The Jack Black film, about a rock ’n’ roll fan who pretends to be a teacher, was played to bemused students at West Lothian’s Inveralmond Community High after their own music teacher, Billy Russell, was suspended.
It is alleged that Mr Russell was not qualified to teach at a Scottish high school, despite having been a member of staff for more than six years.
Mr Russell, described by pupils as “the best” on a teacher rating website, was immediately removed from his position after bosses discovered the error two weeks ago.
Online videos show Mr Russell playing guitar with his students at a charity rock concert, again mirroring the plot of the 2003 movie. Mr Russell even throws the guitar behind his head and begins strumming in a “rock ’n’ roll style”.
In one YouTube clip, Mr Russell even sings Deep Purple’s hit 1972 tune Smoke on the Water - the same song Jack Black teaches to his students in the film.
Mr Russell is accompanied by his music students while he sings the lyrics of the famous rock song, at one point thrashing out a guitar solo.
West Lothian Council said an investigation was being carried out as a matter of urgency.
A spokesman said: “An internal disciplinary investigation is currently under way and it would not be appropriate to comment further at this stage.”
Local Labour councillor Danny Logue dubbed the situation “shocking” and education experts said it was “highly unusual” and like something “from a film”. Councillor Logue, who is on the West Lothian education committee, said: “I’m absolutely shocked. I think with all the screening that goes on nowadays it should have been picked up. I don’t know how he managed it.”
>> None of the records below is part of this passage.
lemma nn_integral_minibatch_error_le:
  assumes k: "k < K"
  shows "(\<integral>\<^sup>+\<omega>. ennreal \<bar>minibatch_grad G n (iterate \<omega> k) \<omega> k $ i - g (iterate \<omega> k) $ i\<bar> \<partial>\<Omega>)
    \<le> ennreal (\<sigma> $ i / sqrt (real n))"
proof -
  \<comment> \<open>The iterate \<open>x\<^sub>k\<close> only sees the batches in \<open>J\<close>; integrate the current batch first.\<close>
  define J where "J = {..<k} \<times> {..<n}"
  define R where "R = {..<K} \<times> {..<n} - J"
  have IJ: "{..<K} \<times> {..<n} = J \<union> R" "J \<inter> R = {}" "finite J" "finite R"
    using k by (auto simp: J_def R_def)
  interpret product_sigma_finite "\<lambda>_. P"
    by (simp add: product_sigma_finite_def prob_space_imp_sigma_finite P.prob_space_axioms)
  define F where "F \<omega> = ennreal \<bar>minibatch_grad G n (iterate \<omega> k) \<omega> k $ i - g (iterate \<omega> k) $ i\<bar>" for \<omega>
  have F_merge: "F (merge J R (y, z)) = ennreal \<bar>(1 / real n) * (\<Sum>j<n. G (iterate y k) (z (k, j)) $ i - g (iterate y k) $ i)\<bar>"
    for y z
  proof -
    have "iterate (merge J R (y, z)) k = iterate y k"
      by (rule signsgd_iter_cong) (auto simp: J_def merge_def)
    moreover have "minibatch_grad G n x (merge J R (y, z)) k = minibatch_grad G n x z k" for x
      using k unfolding minibatch_grad_def by (intro arg_cong2[where f = "(*\<^sub>R)"] sum.cong) (auto simp: J_def R_def merge_def)
    ultimately show ?thesis
      unfolding F_def by (simp add: minibatch_grad_minus_nth[OF n_pos])
  qed
  have fresh_batch: "(\<integral>\<^sup>+z. F (merge J R (y, z)) \<partial>PiM R (\<lambda>_. P)) \<le> ennreal (\<sigma> $ i / sqrt (real n))" for y
    unfolding F_merge using k IJ(4) by (intro nn_integral_minibatch_noise_le) (auto simp: R_def J_def)
  have "(\<integral>\<^sup>+\<omega>. F \<omega> \<partial>\<Omega>) = (\<integral>\<^sup>+y. (\<integral>\<^sup>+z. F (merge J R (y, z)) \<partial>PiM R (\<lambda>_. P)) \<partial>PiM J (\<lambda>_. P))"
    unfolding IJ(1) using k by (intro product_nn_integral_fold IJ(2-4)) (simp add: F_def IJ(1)[symmetric])
  also have "\<dots> \<le> (\<integral>\<^sup>+y. ennreal (\<sigma> $ i / sqrt (real n)) \<partial>PiM J (\<lambda>_. P))"
    by (intro nn_integral_mono fresh_batch)
  also have "\<dots> = ennreal (\<sigma> $ i / sqrt (real n))"
    using prob_space.emeasure_space_1[OF prob_space_PiM, of J "\<lambda>_. P"] P.prob_space_axioms by simp
  finally show ?thesis
    unfolding F_def .
qed

lemma nn_integral_minibatch_norm1_error_le:
  assumes "k < K"
  shows "(\<integral>\<^sup>+\<omega>. ennreal (norm1 (minibatch_grad G n (iterate \<omega> k) \<omega> k - g (iterate \<omega> k))) \<partial>\<Omega>)
    \<le> ennreal (norm1 \<sigma> / sqrt (real n))"
proof -
  have "(\<integral>\<^sup>+\<omega>. ennreal (norm1 (minibatch_grad G n (iterate \<omega> k) \<omega> k - g (iterate \<omega> k))) \<partial>\<Omega>)
      = (\<Sum>i\<in>UNIV. \<integral>\<^sup>+\<omega>. ennreal \<bar>minibatch_grad G n (iterate \<omega> k) \<omega> k $ i - g (iterate \<omega> k) $ i\<bar> \<partial>\<Omega>)"
  proof -
    have "ennreal (norm1 (v - w)) = (\<Sum>i\<in>UNIV. ennreal \<bar>v $ i - w $ i\<bar>)" for v w :: "real^'d"
      by (simp add: norm1_def sum_ennreal)
    then show ?thesis
      using assms by (simp only:) (rule nn_integral_sum, measurable)
  qed
  also have "\<dots> \<le> (\<Sum>i\<in>UNIV. ennreal (\<sigma> $ i / sqrt (real n)))"
    using assms by (intro sum_mono nn_integral_minibatch_error_le)
  also have "\<dots> = ennreal (norm1 \<sigma> / sqrt (real n))"
    using \<sigma>_nonneg by (simp add: norm1_def sum_divide_distrib sum_ennreal)
  finally show ?thesis .
qed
Eleanor Conor, information officer at the Scottish Parent Teacher Council, said she had never come across a similar situation.
“There are procedures that should be in place but obviously something has gone wrong here,” she said.
“I don’t think it’s something for parents to overly worry about, I’ve never heard of anything like this before, apart from in a film.
“There are very strict procedures in place to follow [when it comes to checking teachers on the General Teaching Council for Scotland’s register]. You get these bizarre stories from time to time, but they are not at all common.”
Council leader and local councillor Peter Jones said it would not be appropriate to comment on the investigation while it is ongoing, but pointed out that further investigations would be carried out if needed and said a whole range of penalties including dismissal would be considered.
All teachers in Scotland must be registered with the General Teaching Council for Scotland, and any new appointments much be vetted and thoroughly checked by a school. Teachers are required to hold a teaching qualification, and must complete a course of initial teacher training and carry out a probationary period, which usually lasts for a year. Secondary school teachers must have a Higher English qualification (or equivalent) as well as a university degree.
It is not known what happened in the case of Mr Russell, or why the fact he did not qualify for the post remained undetected for more than six years.
Online comments about Mr Russell have been largely positive, with one student saying: “Go Mr Russell Best music teacher EVER.”
Another added: “Nice to see Billy Russell’s ‘trademark’ guitar playing skills behind the head! Good one Billy.”